• Activity:
Below are the entries; count the lines in them that contain the word "borel" and give only the number.

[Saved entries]
·····

text \<open>Query point of the q-th local step of client i in round t (t \<ge> 1).\<close>
definition fav_query :: "'a measure \<Rightarrow> nat \<Rightarrow> nat \<Rightarrow> real \<Rightarrow> bool \<Rightarrow> 'v::euclidean_space
    \<Rightarrow> (nat \<Rightarrow> nat \<Rightarrow> 'a \<Rightarrow> nat) \<Rightarrow> (nat \<Rightarrow> 'a \<Rightarrow> nat set)
    \<Rightarrow> (nat \<Rightarrow> nat \<Rightarrow> nat \<Rightarrow> 'a \<Rightarrow> 'v) \<Rightarrow> nat \<Rightarrow> nat \<Rightarrow> nat \<Rightarrow> 'a \<Rightarrow> 'v" where
  "fav_query M s K eta stoch w0 E S h t i q \<omega> =
     snd (fav_state M s K eta stoch w0 E S h (t - 1) \<omega>) i - eta *\<^sub>R (\<Sum>r\<in>{1..<q}. h t i r \<omega>)"

text \<open>Generators of the sigma-algebra of the randomness up to time t-1:
  S_r, E^i_r and all stochastic gradients of rounds r < t.\<close>
definition fav_past_gen :: "'a measure \<Rightarrow> nat \<Rightarrow> (nat \<Rightarrow> nat \<Rightarrow> 'a \<Rightarrow> nat) \<Rightarrow> (nat \<Rightarrow> 'a \<Rightarrow> nat set)
    \<Rightarrow> (nat \<Rightarrow> nat \<Rightarrow> nat \<Rightarrow> 'a \<Rightarrow> 'v::euclidean_space) \<Rightarrow> nat \<Rightarrow> 'a set set" where
  "fav_past_gen M n E S h t =
     (\<Union>r\<in>{1..<t}. ev_of M (S r) (count_space UNIV)
        \<union> (\<Union>i\<in>{1..n}. ev_of M (E r i) (count_space UNIV))
        \<union> (\<Union>i\<in>{1..n}. \<Union>q\<in>{1..}. ev_of M (h r i q) borel))"

definition fav_now_gen :: "'a measure \<Rightarrow> nat \<Rightarrow> (nat \<Rightarrow> nat \<Rightarrow> 'a \<Rightarrow> nat) \<Rightarrow> (nat \<Rightarrow> 'a \<Rightarrow> nat set)
    \<Rightarrow> nat \<Rightarrow> 'a set set" where
  "fav_now_gen M n E S t =
     ev_of M (S t) (count_space UNIV) \<union> (\<Union>i\<in>{1..n}. ev_of M (E t i) (count_space UNIV))"

definition fav_other_gen :: "'a measure \<Rightarrow> nat \<Rightarrow> (nat \<Rightarrow> nat \<Rightarrow> 'a \<Rightarrow> nat) \<Rightarrow> (nat \<Rightarrow> 'a \<Rightarrow> nat set)
    \<Rightarrow> (nat \<Rightarrow> nat \<Rightarrow> nat \<Rightarrow> 'a \<Rightarrow> 'v::euclidean_space) \<Rightarrow> nat \<Rightarrow> 'a set set" where
  "fav_other_gen M n E S h t =
     fav_past_gen M n E S h t \<union> (\<Union>i\<in>{1..n}. \<Union>q\<in>{1..}. ev_of M (h t i q) borel)"

text \<open>Generators of the information available before the q-th query of client i in round t:
  the past up to t-1 and the previous answers h t i r, r < q, of that client.\<close>
definition fav_query_gen :: "'a measure \<Rightarrow> nat \<Rightarrow> (nat \<Rightarrow> nat \<Rightarrow> 'a \<Rightarrow> nat) \<Rightarrow> (nat \<Rightarrow> 'a \<Rightarrow> nat set)
    \<Rightarrow> (nat \<Rightarrow> nat \<Rightarrow> nat \<Rightarrow> 'a \<Rightarrow> 'v::euclidean_space) \<Rightarrow> nat \<Rightarrow> nat \<Rightarrow> nat \<Rightarrow> 'a set set" where
  "fav_query_gen M n E S h t i q =
     fav_past_gen M n E S h t \<union> (\<Union>r\<in>{1..<q}. ev_of M (h t i r) borel)"

end

theory Submission imports Defs begin

(*
  The averaging step replaces the server model and the s sampled client models by their common
  mean, so w_t + sum_i w^i_t changes only by -eta times the sum of the s local updates sent.
  By Cauchy-Schwarz over these s summands, (n+1)^2 |mu_(t+1) - mu_t|^2 is at most
  eta^2 s sum_i 1{i in S_(t+1)} |hcheck^i_(t+1)|^2. The participation event {i in S_(t+1)} has
  probability s/n and is independent of hcheck^i_(t+1), a function of E^i_(t+1) and the
  stochastic gradients of that round. Neither the gradient oracle nor f enters the argument.
*)

subsection \<open>The averaging step\<close>

lemma norm_sum_squared_le_card_sum_squares:
  fixes x :: "'i \<Rightarrow> 'v::real_normed_vector"
  assumes "finite A"
  shows "(norm (\<Sum>i\<in>A. x i))\<^sup>2 \<le> real (card A) * (\<Sum>i\<in>A. (norm (x i))\<^sup>2)"
proof -
  have "(norm (\<Sum>i\<in>A. x i))\<^sup>2 \<le> (\<Sum>i\<in>A. norm (x i))\<^sup>2"
    by (intro power_mono norm_sum) auto
  also have "\<dots> \<le> (\<Sum>i\<in>A. (norm (x i))\<^sup>2) * card A"
    by (rule sum_squared_le_sum_of_squares)
  finally show ?thesis by (simp add: mult.commute)
qed

lemma sum_after_partial_averaging:
  fixes w :: "'v::real_vector"
  assumes "finite N" "T \<subseteq> N" "card T = s"
    and wn: "wn = (1 / (real s + 1)) *\<^sub>R (w + (\<Sum>i\<in>T. wc i - eta *\<^sub>R H i))"
  shows "(wn + (\<Sum>i\<in>N. if i \<in> T then wn else wc i)) - (w + (\<Sum>i\<in>N. wc i))
       = - (eta *\<^sub>R (\<Sum>i\<in>T. H i))"
proof -
  have "finite T" using assms finite_subset by blast
  then have "(\<Sum>i\<in>N. if i \<in> T then wn else wc i) = real s *\<^sub>R wn + (\<Sum>i\<in>N - T. wc i)"
    using assms by (simp add: sum.If_cases Int_absorb1 Diff_eq[symmetric] Int_commute sum_constant_scaleR)
  moreover have "(\<Sum>i\<in>N. wc i) = (\<Sum>i\<in>T. wc i) + (\<Sum>i\<in>N - T. wc i)"
    using assms by (metis add.commute sum.subset_diff)
  moreover have "wn + real s *\<^sub>R wn = (real s + 1) *\<^sub>R wn" by (simp add: algebra_simps)
  moreover have "\<dots> = w + (\<Sum>i\<in>T. wc i) - eta *\<^sub>R (\<Sum>i\<in>T. H i)"
    unfolding wn by (simp add: sum_subtractf scaleR_sum_right)
  ultimately show ?thesis by (simp add: algebra_simps)
qed

lemma fav_mu_Suc_diff:
  assumes "S (Suc t) \<omega> \<subseteq> {1..n}" "card (S (Suc t) \<omega>) = s"
  shows "fav_mu M n s K eta stoch w0 E S h (Suc t) \<omega> - fav_mu M n s K eta stoch w0 E S h t \<omega>
       = - (eta / (real n + 1)) *\<^sub>R (\<Sum>i\<in>S (Suc t) \<omega>. fav_hcheck M K stoch E h (Suc t) i \<omega>)"
proof -
  define w where "w = fst (fav_state M s K eta stoch w0 E S h t \<omega>)"
  define wc where "wc = snd (fav_state M s K eta stoch w0 E S h t \<omega>)"
  define H where "H i = fav_hcheck M K stoch E h (Suc t) i \<omega>" for i
  define wn where "wn = (1 / (real s + 1)) *\<^sub>R (w + (\<Sum>i\<in>S (Suc t) \<omega>. wc i - eta *\<^sub>R H i))"
  have "fav_state M s K eta stoch w0 E S h (Suc t) \<omega>
      = (wn, \<lambda>i. if i \<in> S (Suc t) \<omega> then wn else wc i)"
    unfolding wn_def w_def wc_def H_def by (simp add: Let_def)
  then have "fav_mu M n s K eta stoch w0 E S h (Suc t) \<omega> - fav_mu M n s K eta stoch w0 E S h t \<omega>
      = (1 / (real n + 1)) *\<^sub>R ((wn + (\<Sum>i\<in>{1..n}. if i \<in> S (Suc t) \<omega> then wn else wc i))
                                  - (w + (\<Sum>i\<in>{1..n}. wc i)))"
    unfolding fav_mu_def w_def wc_def by (simp add: scaleR_diff_right)
  also have "\<dots> = (1 / (real n + 1)) *\<^sub>R (- (eta *\<^sub>R (\<Sum>i\<in>S (Suc t) \<omega>. H i)))"
    using assms by (subst sum_after_partial_averaging[OF _ _ _ wn_def]) auto
  finally show ?thesis by (simp add: H_def)
qed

·····

• Solution for this task:
3